We previously reported on the lawsuit filed by Harbor Missionary Church against San Buenaventura, California involving the City’s denial of a conditional use permit to allow the Church to continue to operate a soup kitchen in a residential neighborhood. The U.S. District Court for the Central District of California denied the Church’s motion for a preliminary injunction and the Church appealed to the Ninth Circuit (prior post available here). The Church’s appeal of that decision is significant because of the possibility that the Ninth Circuit will weigh-in on the effect of Burwell v. Hobby Lobby in the land use context. We previously reported on the potential effect of the Supreme Court’s decisions in Holt v. Hobbs and Hobby Lobby here.
One preliminary issue on appeal is which order the Ninth Circuit should review. Although the District Court issued a short order from the bench on July 9, 2014 denying the Church a preliminary injunction on the ground that there was no substantial burden on religious exercise since an alternate location was available to the Church, it invited the City to prepare a more substantive order for it to consider and issue at a later date. Nine days later, the City submitted a 14 page proposed order that the District Court adopted in full, with the addition of one sentence – “The Court has read the proposed order denying plaintiff’s motion for preliminary injunction and finds the proposed order totally consistent with the Court’s order of July 9, 2014 …” The Church, however, contends that the July 18 order is not consistent with the District Court’s bench ruling, because the July 18 order considered the issues of compelling governmental interests and least restrictive means:
Here, the City considered less restrictive means – the issuance of a CUP subject to conditions – but ultimately determined, based on years of experience with Harbor’s program, that Harbor’s use was so incompatible with the neighborhood, and so detrimental to the health, safety, and welfare of its neighbors, that outright denial of the permit was the only way of achieving its compelling governmental interest.

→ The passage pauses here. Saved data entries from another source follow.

text \<open>The least-norm preimage keeps only the components along eigenvectors with positive
  eigenvalue; the others lie in the kernel of \<open>M\<close>.\<close>
lemma least_norm_preimage:
  assumes "finite R"
  shows "\<exists>d. (\<forall>r\<in>R. mv M n d r = mv M n x r) \<and>
             (sigma_min R n M)\<^sup>2 * dot n d d \<le> (\<Sum>r\<in>R. (mv M n d r)\<^sup>2)"
proof -
  define P where "P = {a. a < k \<and> 0 < lam a}"
  have P: "P \<subseteq> {..<k}"
    unfolding P_def by auto
  define d where "d i = (\<Sum>a\<in>P. dot n x (U a) * U a i)" for i
  have d_coord: "dot n d (U a) = (if a \<in> P then dot n x (U a) else 0)" if "a < k" for a
    unfolding d_def[abs_def] using dot_combination[OF P that] .
  have kernel: "mv M n (U a) r = 0" if "a < k" "a \<notin> P" "r \<in> R" for a r
  proof -
    have "lam a = 0"
      using that eigenvalue_nonneg[of a] unfolding P_def by simp
    then show ?thesis
      using kernel_eigenvector[OF assms] that by blast
  qed
  have "mv M n d r = mv M n x r" if "r \<in> R" for r
  proof -
    have "mv M n x = mv M n (\<lambda>j. \<Sum>a<k. dot n x (U a) * U a j)"
      by (intro mv_cong expand)
    then have "mv M n x r = (\<Sum>a<k. dot n x (U a) * mv M n (U a) r)"
      by (simp add: mv_sum)
    also have "\<dots> = (\<Sum>a\<in>P. dot n x (U a) * mv M n (U a) r)"
      using P kernel that by (intro sum.mono_neutral_right) auto
    finally show ?thesis
      unfolding d_def[abs_def] by (simp add: mv_sum)
  qed
  moreover have "(sigma_min R n M)\<^sup>2 * dot n d d \<le> (\<Sum>r\<in>R. (mv M n d r)\<^sup>2)"
  proof -
    have "(sigma_min R n M)\<^sup>2 * dot n d d = (\<Sum>a<k. (sigma_min R n M)\<^sup>2 * (dot n d (U a))\<^sup>2)"
      by (simp add: parseval sum_distrib_left)
    also have "\<dots> \<le> (\<Sum>a<k. lam a * (dot n d (U a))\<^sup>2)"
      using sigma_min_sq_le_eigenvalue d_coord unfolding P_def
      by (intro sum_mono) (auto intro: mult_right_mono)
    finally show ?thesis
      by (simp add: energy)
  qed
  ultimately show ?thesis
    by blast
qed

end

lemma gram_eigenbasis_exists: "\<exists>k U lam. gram_eigenbasis R n M k U lam"
  using sym_matrix_orthonormal_eigenbasis[OF gram_sym] unfolding gram_eigenbasis_def by blast

lemma spec_norm_nonneg:
  assumes "0 < n"
  shows "0 \<le> spec_norm R n M"
proof -
  obtain k U lam where "gram_eigenbasis R n M k U lam"
    using gram_eigenbasis_exists by blast
  then show ?thesis
    using assms by (rule gram_eigenbasis.spec_norm_nonneg)
qed

lemma vnorm2_mv_le_spec_norm:
  assumes "0 < n"
  shows "vnorm2 q (mv M n v) \<le> spec_norm {..<q} n M * vnorm2 n v"
proof -
  obtain k U lam where "gram_eigenbasis {..<q} n M k U lam"
    using gram_eigenbasis_exists by blast
  then interpret gram_eigenbasis "{..<q}" n M k U lam .
  have "(vnorm2 q (mv M n v))\<^sup>2 = (\<Sum>r<q. (mv M n v r)\<^sup>2)"
    unfolding vnorm2_def by (simp add: sum_nonneg)
  also have "\<dots> \<le> (spec_norm {..<q} n M)\<^sup>2 * (vnorm2 n v)\<^sup>2"
    using energy_le_spec_norm[of v] by (simp add: dot_self_eq_vnorm2)
  finally have "(vnorm2 q (mv M n v))\<^sup>2 \<le> (spec_norm {..<q} n M * vnorm2 n v)\<^sup>2"
    by (simp add: power_mult_distrib)
  moreover have "0 \<le> spec_norm {..<q} n M * vnorm2 n v"
    using spec_norm_nonneg[OF assms] by (simp add: vnorm2_def sum_nonneg)
  ultimately show ?thesis
    by (rule power2_le_imp_le)
qed

lemma sigma_min_pos:
  assumes "finite R" "mat_nonzero R n M"
  shows "0 < sigma_min R n M"
proof -
  obtain k U lam where "gram_eigenbasis R n M k U lam"
    using gram_eigenbasis_exists by blast
  then show ?thesis
    using assms by (rule gram_eigenbasis.sigma_min_pos)
qed

lemma least_norm_preimage:
  assumes "finite R"
  shows "\<exists>d. (\<forall>r\<in>R. mv M n d r = mv M n x r) \<and>
             (sigma_min R n M)\<^sup>2 * (vnorm2 n d)\<^sup>2 \<le> (\<Sum>r\<in>R. (mv M n d r)\<^sup>2)"
proof -
  obtain k U lam where "gram_eigenbasis R n M k U lam"
    using gram_eigenbasis_exists by blast
  then show ?thesis
    using assms unfolding dot_self_eq_vnorm2[symmetric] by (rule gram_eigenbasis.least_norm_preimage)
qed

section \<open>The trimmed norm\<close>

lemma block_norm_nonneg: "0 \<le> block_norm p z i"
  unfolding block_norm_def by (simp add: sum_nonneg)

lemma block_norm_1: "block_norm 1 z = (\<lambda>i. \<bar>z i\<bar>)" "block_norm (Suc 0) z = (\<lambda>i. \<bar>z i\<bar>)"
  unfolding block_norm_def by (simp_all add: fun_eq_iff)

lemma block_norm_scale:
  assumes "\<And>r. r < p \<Longrightarrow> z' (i * p + r) = s * z (i * p + r)" "0 \<le> s"
  shows "block_norm p z' i = s * block_norm p z i"
proof -
  have "(\<Sum>r<p. (z' (i * p + r))\<^sup>2) = s\<^sup>2 * (\<Sum>r<p. (z (i * p + r))\<^sup>2)"
    using assms(1) by (simp add: sum_distrib_left power_mult_distrib)
  then show ?thesis
    unfolding block_norm_def using assms(2) by (simp add: real_sqrt_mult)
qed

lemma finite_index_sets: "finite {\<Lambda>. \<Lambda> \<subseteq> {..<m} \<and> card \<Lambda> = m - K}"
  by (rule finite_subset[of _ "Pow {..<m}"]) auto

lemma trimmed_attained:
  "\<exists>\<Lambda>. \<Lambda> \<subseteq> {..<m} \<and> card \<Lambda> = m - K \<and> trimmed K m p z = (\<Sum>i\<in>\<Lambda>. block_norm p z i)"
proof -
  have "{..<m - K} \<in> {\<Lambda>. \<Lambda> \<subseteq> {..<m} \<and> card \<Lambda> = m - K}"
    by auto
  then have "{\<Lambda>. \<Lambda> \<subseteq> {..<m} \<and> card \<Lambda> = m - K} \<noteq> {}"
    by blast
  then have "trimmed K m p z \<in> (\<lambda>\<Lambda>. \<Sum>i\<in>\<Lambda>. block_norm p z i) ` {\<Lambda>. \<Lambda> \<subseteq> {..<m} \<and> card \<Lambda> = m - K}"
    unfolding trimmed_def using finite_index_sets by (intro Min_in) auto
  then show ?thesis
    by (auto simp: image_iff)
qed

lemma trimmed_le:
  assumes "\<Lambda> \<subseteq> {..<m}" "card \<Lambda> = m - K"
  shows "trimmed K m p z \<le> (\<Sum>i\<in>\<Lambda>. block_norm p z i)"
  unfolding trimmed_def using assms finite_index_sets by (intro Min_le) auto

lemma trimmed_nonneg: "0 \<le> trimmed K m p z"
proof -
  obtain \<Lambda> where "trimmed K m p z = (\<Sum>i\<in>\<Lambda>. block_norm p z i)"
    using trimmed_attained by blast
  then show ?thesis
    by (simp add: sum_nonneg block_norm_nonneg)
qed

lemma trimmed_shrink:
  assumes \<Lambda>: "\<Lambda> \<subseteq> {..<m}" "card \<Lambda> = m - K" "trimmed K m p z = (\<Sum>i\<in>\<Lambda>. block_norm p z i)"
    and scaled: "\<And>i r. i \<in> \<Lambda> \<Longrightarrow> r < p \<Longrightarrow> z' (i * p + r) = s * z (i * p + r)"
    and "0 \<le> s"
  shows "trimmed K m p z' \<le> s * trimmed K m p z"
proof -
  have "trimmed K m p z' \<le> (\<Sum>i\<in>\<Lambda>. block_norm p z' i)"
    using \<Lambda>(1,2) by (rule trimmed_le)
  also have "\<dots> = (\<Sum>i\<in>\<Lambda>. s * block_norm p z i)"
    using scaled \<open>0 \<le> s\<close> by (intro sum.cong refl block_norm_scale) auto
  finally show ?thesis
    using \<Lambda>(3) by (simp add: sum_distrib_left)
qed

lemma trimmed_scale_le:
  assumes "0 \<le> s"
  shows "trimmed K m p (\<lambda>i. s * z i) \<le> s * trimmed K m p z"
proof -
  obtain \<Lambda> where \<Lambda>: "\<Lambda> \<subseteq> {..<m}" "card \<Lambda> = m - K"
    "trimmed K m p z = (\<Sum>i\<in>\<Lambda>. block_norm p z i)"
    using trimmed_attained by blast
  show ?thesis
    by (rule trimmed_shrink[OF \<Lambda>]) (use assms in simp_all)
qed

On appeal, the Church argues that the Court’s July 9 order should be reversed because there is no evidence in the record that alternative sites exist for the Church to minister to the homeless, and, relying on Hobby Lobby, the risk to the Church in the form of a $1,000 penalty and imprisonment to continue its religious ministry is a substantial burden. In Hobby Lobby, the Supreme Court found a substantial burden in part because a privately held corporation risked facing a penalty of $100 per day for each employee to whom it refused to supply insurance for contraceptives under Obamacare.
The Church also claims the July 18 order should be reversed because less restrictive means are available to the City, including through use of the police force to protect against crime. The Church in its brief provides examples of what less restrictive means were available to the City:
Suppose, for example, that the City had limited the homeless ministry’s hours of operation to just one hour at lunchtime, and had permitted the Church to provide only traditional prayer and a meal, and only to five homeless people a day. Or suppose the City had also restricted the Church to serving only those five homeless people it picks up with its van at a location outside the neighborhood and transports back to that same location after the ministry.

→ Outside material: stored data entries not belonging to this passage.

(* Let $\mathcal G$ be the graph defined below. There is no mixed $1$-stack $1$-queue layout $(<,\{S,Q\})$ of $\mathcal G$ for which there exist edges $(v_1,v_2)\in Q$, $(u_1,u_2)\in S$ and a pair of twins $s,t$ with $v_1<u_1<s<t<u_2<v_2$.
   Context: Graph $\mathcal G$: take two vertices $A,B$ and $19$ copies of a gadget $H$, identified at $A$ and $B$. Each copy of $H$ consists of two further vertices $s,t$ (called twins) joined by the twin edge $(s,t)$, the edges $(A,s),(A,t),(B,s),(B,t)$, and seven further vertices (called connectors), each of degree $2$ and adjacent to exactly $s$ and $t$. ($A$ and $B$ are not adjacent.) For a vertex ordering $<$ and an edge $e$, let $L(e)<R(e)$ be its endpoints; edges $e,f$ cross if $L(e)<L(f)<R(e)<R(f)$ and nest if $L(e)<L(f)<R(f)<R(e)$. A stack is an edge set with no two crossing edges, a queue an edge set with no two nested edges. A mixed $1$-stack $1$-queue layout is a vertex ordering $<$ together with a partition of the edge set into a stack $S$ and a queue $Q$. *)

theory Defs
  imports Main
begin

text \<open>Vertices of the graph G: the two hubs A, B; for each copy i < 19 of the
gadget H the twins Sv i, Tv i and the connectors Cv i j (j < 7).\<close>
datatype vert = VA | VB | Sv nat | Tv nat | Cv nat nat

definition ncopies :: nat where "ncopies = 19"
definition nconn :: nat where "nconn = 7"

definition verts :: "vert set" where
  "verts = {VA, VB} \<union> {Sv i | i. i < ncopies} \<union> {Tv i | i. i < ncopies}
           \<union> {Cv i j | i j. i < ncopies \<and> j < nconn}"

definition edges :: "(vert \<times> vert) set" where
  "edges = {(Sv i, Tv i) | i. i < ncopies}
         \<union> {(VA, Sv i) | i. i < ncopies} \<union> {(VA, Tv i) | i. i < ncopies}
         \<union> {(VB, Sv i) | i. i < ncopies} \<union> {(VB, Tv i) | i. i < ncopies}
         \<union> {(Sv i, Cv i j) | i j. i < ncopies \<and> j < nconn}
         \<union> {(Tv i, Cv i j) | i j. i < ncopies \<and> j < nconn}"

text \<open>A vertex ordering is given by an injective position map pos on verts.
L(e), R(e): positions of the left/right endpoint.\<close>
definition Lp :: "(vert \<Rightarrow> nat) \<Rightarrow> vert \<times> vert \<Rightarrow> nat" where
  "Lp pos e = min (pos (fst e)) (pos (snd e))"
definition Rp :: "(vert \<Rightarrow> nat) \<Rightarrow> vert \<times> vert \<Rightarrow> nat" where
  "Rp pos e = max (pos (fst e)) (pos (snd e))"

definition crosses :: "(vert \<Rightarrow> nat) \<Rightarrow> vert \<times> vert \<Rightarrow> vert \<times> vert \<Rightarrow> bool" where
  "crosses pos e f \<longleftrightarrow> Lp pos e < Lp pos f \<and> Lp pos f < Rp pos e \<and> Rp pos e < Rp pos f"
definition nests :: "(vert \<Rightarrow> nat) \<Rightarrow> vert \<times> vert \<Rightarrow> vert \<times> vert \<Rightarrow> bool" where
  "nests pos e f \<longleftrightarrow> Lp pos e < Lp pos f \<and> Lp pos f < Rp pos f \<and> Rp pos f < Rp pos e"

definition is_stack :: "(vert \<Rightarrow> nat) \<Rightarrow> (vert \<times> vert) set \<Rightarrow> bool" where
  "is_stack pos S \<longleftrightarrow> (\<forall>e\<in>S. \<forall>f\<in>S. \<not> crosses pos e f)"
definition is_queue :: "(vert \<Rightarrow> nat) \<Rightarrow> (vert \<times> vert) set \<Rightarrow> bool" where
  "is_queue pos Q \<longleftrightarrow> (\<forall>e\<in>Q. \<forall>f\<in>Q. \<not> nests pos e f)"

definition mixed_layout ::
  "(vert \<Rightarrow> nat) \<Rightarrow> (vert \<times> vert) set \<Rightarrow> (vert \<times> vert) set \<Rightarrow> bool" where
  "mixed_layout pos S Q \<longleftrightarrow> inj_on pos verts \<and> S \<union> Q = edges \<and> S \<inter> Q = {}
     \<and> is_stack pos S \<and> is_queue pos Q"

end

theory Submission
  imports Defs
begin

text \<open>Let the twins s < t lie under the stack edge f, which is nested in the queue edge e.
A connector c adjacent to s and t cannot put one of its two edges in S and the other in Q:
a stack edge at s or t must stay within f (else it crosses f), a queue edge must leave e
(else e nests it), and f lies strictly inside e. So every connector is a stack connector
or a queue connector. Two stack connectors c, d span a K_{2,2} with s, t on one page,
which forces exactly one of c, d strictly between s and t; two queue connectors must lie
on opposite sides of s and t, since otherwise two of their edges nest. Hence there are at
most two connectors of each kind, i.e. at most four, but the gadget has seven.\<close>

lemma Lp_pair [simp]: "Lp pos (a, b) = min (pos a) (pos b)"
  and Rp_pair [simp]: "Rp pos (a, b) = max (pos a) (pos b)"
  by (simp_all add: Lp_def Rp_def)

lemma stack_edge_within:
  assumes "is_stack pos S" "f \<in> S" "(a, c) \<in> S"
    and "Lp pos f < pos a" "pos a < Rp pos f"
  shows "Lp pos f \<le> pos c \<and> pos c \<le> Rp pos f"
proof -
  have "\<not> crosses pos f (a, c)" "\<not> crosses pos (a, c) f"
    using assms(1-3) unfolding is_stack_def by blast+
  then show ?thesis
    using assms(4,5) unfolding crosses_def by (auto simp: min_def max_def split: if_splits)
qed

lemma queue_edge_beyond:
  assumes "is_queue pos Q" "e \<in> Q" "(a, c) \<in> Q"
    and "Lp pos e < pos a" "pos a < Rp pos e" "pos c \<noteq> pos a"
  shows "pos c \<le> Lp pos e \<or> Rp pos e \<le> pos c"
proof -
  have "\<not> nests pos e (a, c)" using assms(1-3) unfolding is_queue_def by blast
  then show ?thesis
    using assms(4-6) unfolding nests_def by (auto simp: min_def max_def split: if_splits)
qed

lemma stack_K22_separates:
  assumes "is_stack pos S" "(a, c) \<in> S" "(b, c) \<in> S" "(a, d) \<in> S" "(b, d) \<in> S"
    and "pos a < pos b" "pos c \<noteq> pos d"
    and "pos c \<notin> {pos a, pos b}" "pos d \<notin> {pos a, pos b}"
  shows "(pos a < pos c \<and> pos c < pos b) \<noteq> (pos a < pos d \<and> pos d < pos b)"
proof -
  have "\<not> crosses pos (a, d) (b, c)" "\<not> crosses pos (b, c) (a, d)"
    "\<not> crosses pos (a, c) (b, d)" "\<not> crosses pos (b, d) (a, c)"
    using assms(1-5) unfolding is_stack_def by blast+
  then show ?thesis using assms(6-9) unfolding crosses_def
    by (auto simp: min_def max_def split: if_splits)
qed

lemma queue_K22_separates:
  assumes "is_queue pos Q" "(a, c) \<in> Q" "(b, c) \<in> Q" "(a, d) \<in> Q" "(b, d) \<in> Q"
    and "pos a < pos b" "pos c \<noteq> pos d"
    and "pos c \<notin> {pos a..pos b}" "pos d \<notin> {pos a..pos b}"
  shows "(pos c < pos a) \<noteq> (pos d < pos a)"
proof -
  have "\<not> nests pos (a, d) (b, c)" "\<not> nests pos (b, c) (a, d)"
    "\<not> nests pos (a, c) (b, d)" "\<not> nests pos (b, d) (a, c)"
    using assms(1-5) unfolding is_queue_def by blast+
  then show ?thesis using assms(6-9) unfolding nests_def
    by (auto simp: min_def max_def split: if_splits)
qed

lemma common_neighbour_same_page:
  assumes "is_stack pos S" "is_queue pos Q" "S \<inter> Q = {}" "e \<in> Q" "f \<in> S"
    and "Lp pos e < Lp pos f" "Lp pos f < pos s" "pos s < pos t"
    and "pos t < Rp pos f" "Rp pos f < Rp pos e"
    and "(s, c) \<in> S \<union> Q" "(t, c) \<in> S \<union> Q" "pos c \<noteq> pos s" "pos c \<noteq> pos t"
  shows "(s, c) \<in> S \<and> (t, c) \<in> S \<or> (s, c) \<in> Q \<and> (t, c) \<in> Q \<and> pos c \<notin> {pos s..pos t}"
proof -
  have within: "Lp pos f \<le> pos c \<and> pos c \<le> Rp pos f" if "(u, c) \<in> S" "u \<in> {s, t}" for u
    using stack_edge_within[OF assms(1,5) that(1)] that(2) assms(7-9) by auto
  have beyond: "pos c \<le> Lp pos e \<or> Rp pos e \<le> pos c" if "(u, c) \<in> Q" "u \<in> {s, t}" for u
    using queue_edge_beyond[OF assms(2,4) that(1)] that(2) assms(6-10,13,14) by auto
  show ?thesis
    using within[of s] within[of t] beyond[of s] beyond[of t] assms(3,6-12) by fastforce
qed

lemma card_le_2_if_inj_on_bool:
  fixes f :: "'a \<Rightarrow> bool"
  assumes "inj_on f A"
  shows "card A \<le> 2"
  using card_inj_on_le[OF assms subset_UNIV] by simp

lemma card_common_neighbours_le_4:
  assumes "is_stack pos S" "is_queue pos Q" "S \<inter> Q = {}" "e \<in> Q" "f \<in> S"
    and "Lp pos e < Lp pos f" "Lp pos f < pos s" "pos s < pos t"
    and "pos t < Rp pos f" "Rp pos f < Rp pos e"
    and "\<forall>c\<in>N. (s, c) \<in> S \<union> Q \<and> (t, c) \<in> S \<union> Q"
    and "inj_on pos (insert s (insert t N))" "s \<notin> N" "t \<notin> N"
  shows "card N \<le> 4"
proof -
  have apart_from_twins: "pos c \<noteq> pos s" "pos c \<noteq> pos t" if "c \<in> N" for c
    using assms(12-14) that by (metis inj_onD insertCI)+
  have pos_injective: "pos c \<noteq> pos d" if "c \<in> N" "d \<in> N" "c \<noteq> d" for c d
    using assms(12) that by (auto dest: inj_onD)
  note page = common_neighbour_same_page[OF assms(1-10) _ _ apart_from_twins]
  define NS where "NS = {c \<in> N. (s, c) \<in> S}"
  define NQ where "NQ = {c \<in> N. (s, c) \<in> Q}"
  have NS: "c \<in> N" "(s, c) \<in> S" "(t, c) \<in> S" if "c \<in> NS" for c
    using that page assms(3,11) unfolding NS_def by blast+
  have NQ: "c \<in> N" "(s, c) \<in> Q" "(t, c) \<in> Q" "pos c \<notin> {pos s..pos t}" if "c \<in> NQ" for c
    using that page assms(3,11) unfolding NQ_def by blast+
  have "inj_on (\<lambda>c. pos s < pos c \<and> pos c < pos t) NS"
  proof (rule inj_onI, rule ccontr)
    fix c d assume c: "c \<in> NS" and d: "d \<in> NS" and "c \<noteq> d"
      and "(pos s < pos c \<and> pos c < pos t) = (pos s < pos d \<and> pos d < pos t)"
    moreover have "pos c \<noteq> pos d" "pos c \<notin> {pos s, pos t}" "pos d \<notin> {pos s, pos t}"
      using apart_from_twins pos_injective NS(1) c d \<open>c \<noteq> d\<close> by auto
    ultimately show False
      using stack_K22_separates[OF assms(1) NS(2,3)[OF c] NS(2,3)[OF d] assms(8)] by blast
  qed
  then have "card NS \<le> 2" by (rule card_le_2_if_inj_on_bool)
  have "inj_on (\<lambda>c. pos c < pos s) NQ"
  proof (rule inj_onI, rule ccontr)
    fix c d assume c: "c \<in> NQ" and d: "d \<in> NQ" and "c \<noteq> d"
      and "(pos c < pos s) = (pos d < pos s)"
    moreover have "pos c \<noteq> pos d"
      using pos_injective NQ(1) c d \<open>c \<noteq> d\<close> by auto
    ultimately show False
      using queue_K22_separates[OF assms(2) NQ(2,3)[OF c] NQ(2,3)[OF d] assms(8)] NQ(4) c d
      by blast
  qed
  then have "card NQ \<le> 2" by (rule card_le_2_if_inj_on_bool)
  have "N = NS \<union> NQ"
    using assms(11) unfolding NS_def NQ_def by blast
  then have "card N \<le> card NS + card NQ" by (simp add: card_Un_le)
  with \<open>card NS \<le> 2\<close> \<open>card NQ \<le> 2\<close> show ?thesis by linarith
qed

lemma twins_not_under_stack_edge_in_queue_edge:
  assumes layout: "mixed_layout pos S Q" and "e \<in> Q" "f \<in> S"
    and i: "i < ncopies" and twins: "{s, t} = {Sv i, Tv i}"
    and order: "Lp pos e < Lp pos f" "Lp pos f < pos s" "pos s < pos t"
      "pos t < Rp pos f" "Rp pos f < Rp pos e"
  shows False
proof -
  have stack: "is_stack pos S" and queue: "is_queue pos Q" and "S \<inter> Q = {}"
    using layout unfolding mixed_layout_def by auto
  define N where "N = Cv i ` {..<nconn}"
  have "card N = 7"
    unfolding N_def nconn_def by (simp add: card_image inj_on_def)
  have "\<forall>c\<in>N. (s, c) \<in> S \<union> Q \<and> (t, c) \<in> S \<union> Q"
    using layout twins i unfolding mixed_layout_def N_def edges_def doubleton_eq_iff by auto
  moreover have "insert s (insert t N) \<subseteq> verts"
    using twins i unfolding N_def verts_def doubleton_eq_iff by auto
  then have "inj_on pos (insert s (insert t N))"
    using layout inj_on_subset unfolding mixed_layout_def by blast
  moreover have "s \<notin> N" "t \<notin> N"
    using twins unfolding N_def doubleton_eq_iff by auto
  ultimately have "card N \<le> 4"
    using card_common_neighbours_le_4
        [OF stack queue \<open>S \<inter> Q = {}\<close> \<open>e \<in> Q\<close> \<open>f \<in> S\<close> order]
    by blast
  with \<open>card N = 7\<close> show False by simp
qed

theorem lemma2:
  shows "\<not> (\<exists>pos S Q. mixed_layout pos S Q \<and>
           (\<exists>e\<in>Q. \<exists>f\<in>S. \<exists>i<ncopies. \<exists>s t. {s, t} = {Sv i, Tv i} \<and>
              Lp pos e < Lp pos f \<and> Lp pos f < pos s \<and> pos s < pos t \<and>
              pos t < Rp pos f \<and> Rp pos f < Rp pos e))"
  using twins_not_under_stack_edge_in_queue_edge by blast

end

Again, the Church relies on Hobby Lobby to note that protecting religious freedom guaranteed by RLUIPA may require the government to take action and to bear the cost of that action:
[B]oth RFRA and its sister statute, RLUIPA, may in some circumstances require the Government to expend additional funds to accommodate citizens’ religious beliefs.
The Ninth Circuit heard oral argument in this matter on February 2, 2015. A video of the hearing is available here. The Church’s brief is available here.